第22話 練習開始
晶人がやってきたとき、綺音は最後のチェックを姿見の前でしていた。
薄手のツイード生地で胸もとにレースをあしらったピンクのワンピースが、良く似合う。飾りボタンが並んだ胸もとの装飾は上品で、シルエットもお嬢さま然としている。
「おめかししたねぇ」
午後になって美月に言われるような恰好だった。
綺音はチャイムの音に駆け出し、結架とともに晶人を出迎えた。
「いらっしゃい」
「お邪魔します」
そうして綺音は晶人をピアノ室に連れて行った。午後からは、メンバー全員でのアンコール曲の練習がある。いちいち音楽堂から移動するよりも好都合だと思ったのだ。かわりに、美弦が今日は音楽堂のピアノを使って練習している。

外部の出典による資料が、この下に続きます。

lemma has_bochner_integral_join_pair_sampled_mult:
  fixes v v' :: "'u::finite"
  assumes "0 \<le> m" "m \<le> 1" "0 \<le> q1" "q1 \<le> 1" "0 \<le> q2" "q2 \<le> 1"
    and "i < n1" "i' < n1" "k < n2" "k' < n2"
  shows "has_bochner_integral (ubs_space q1 q2 n1 n2)
    (\<lambda>\<omega>. join_pair_sampled m v i k \<omega> * join_pair_sampled m v' i' k' \<omega>)
    ((if v = v' then m else m\<^sup>2) * (if i = i' then q1 else q1\<^sup>2) * (if k = k' then q2 else q2\<^sup>2))"
proof -
  let ?U = "uniform_measure lborel {0..1::real}"
  let ?H = "PiM (UNIV :: 'u set) (\<lambda>_. ?U)"
  let ?C1 = "PiM {..<n1} (\<lambda>_. measure_pmf (bernoulli_pmf q1))"
  let ?C2 = "PiM {..<n2} (\<lambda>_. measure_pmf (bernoulli_pmf q2))"
  have U: "prob_space ?U" by (rule prob_space_uniform_measure) auto
  have H: "prob_space ?H" using U by (rule prob_space_PiM)
  have C1: "prob_space ?C1" and C2: "prob_space ?C2"
    by (intro prob_space_PiM prob_space_measure_pmf)+
  define f where "f h = (indicator {..<m} (h v) * indicator {..<m} (h v') :: real)" for h :: "'u \<Rightarrow> real"
  define g1 where "g1 c = (of_bool (c i) * of_bool (c i') :: real)" for c :: "nat \<Rightarrow> bool"
  define g2 where "g2 c = (of_bool (c k) * of_bool (c k') :: real)" for c :: "nat \<Rightarrow> bool"
  define g where "g c = g1 (fst c) * g2 (snd c)" for c
  have f_measurable: "f \<in> borel_measurable ?H" unfolding f_def by measurable
  have [measurable]: "g1 \<in> borel_measurable ?C1" unfolding g1_def using assms(7,8)
    by (intro borel_measurable_times; measurable)
  have [measurable]: "g2 \<in> borel_measurable ?C2" unfolding g2_def using assms(9,10)
    by (intro borel_measurable_times; measurable)
  have g_measurable: "g \<in> borel_measurable (?C1 \<Otimes>\<^sub>M ?C2)" unfolding g_def by measurable
  have bounds: "\<bar>f h\<bar> \<le> 1" "\<bar>g1 c1\<bar> \<le> 1" "\<bar>g2 c2\<bar> \<le> 1" "\<bar>g c\<bar> \<le> 1" for h c1 c2 c
    by (simp_all add: f_def g_def g1_def g2_def indicator_def)
  note pair_mult = integral_pair_measure_fst_snd_mult[OF prob_space.axioms(1) prob_space.axioms(1)]
  have "{0..1} \<inter> {..<m} = {0..<m}" using assms(1,2) by auto
  then have "integral\<^sup>L ?H f = (if v = v' then m else m\<^sup>2)"
    using integral_PiM_two_coordinates[OF _ U, of UNIV v v' "indicator {..<m}" "indicator {..<m}" 1 1]
    by (simp add: f_def[abs_def] indicator_inter_arith[symmetric] measure_uniform_measure assms power2_eq_square)
  moreover have "integral\<^sup>L ?C1 g1 = (if i = i' then q1 else q1\<^sup>2)"
    using integral_PiM_two_coordinates[where I="{..<n1}" and a=i and b=i' and \<phi>=of_bool and \<psi>=of_bool
        and B=1 and C=1, OF _ prob_space_measure_pmf] assms
    by (simp add: g1_def[abs_def] power2_eq_square)
  moreover have "integral\<^sup>L ?C2 g2 = (if k = k' then q2 else q2\<^sup>2)"
    using integral_PiM_two_coordinates[where I="{..<n2}" and a=k and b=k' and \<phi>=of_bool and \<psi>=of_bool
        and B=1 and C=1, OF _ prob_space_measure_pmf] assms
    by (simp add: g2_def[abs_def] power2_eq_square)
  moreover have "integral\<^sup>L (?C1 \<Otimes>\<^sub>M ?C2) g = integral\<^sup>L ?C1 g1 * integral\<^sup>L ?C2 g2"
    unfolding g_def[abs_def] by (rule pair_mult(2)[OF C1 C2 _ _ bounds(2,3)]) measurable
  moreover note pair_mult[OF H prob_space_pair[OF C1 C2] f_measurable g_measurable bounds(1,4)]
  moreover have "join_pair_sampled m v i k \<omega> * join_pair_sampled m v' i' k' \<omega> = f (fst \<omega>) * g (snd \<omega>)" for \<omega>
    by (simp add: join_pair_sampled_def f_def g_def g1_def g2_def mult_ac)
  ultimately show ?thesis
    unfolding has_bochner_integral_iff ubs_space_def by (simp add: mult_ac)
qed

結架は美弦の練習に付き合うため、音楽堂へと行ってしまった。
──ふたりきり。
「……最初は、なにから練習する?」
ふたりとも昨夜のうちに譜読みを終えていたので、すぐにでも合わせられそうだった。
「早く仕上げられそうな『チャールダーシュ』から合わせてみようか」
「そうだね」
綺音はヴァイオリンを構えると、晶人がラの音を鳴らすのを待った。
彼が来る前に、チューナーで音合わせはしてあるが、やはりこの儀式のような作業は外せない。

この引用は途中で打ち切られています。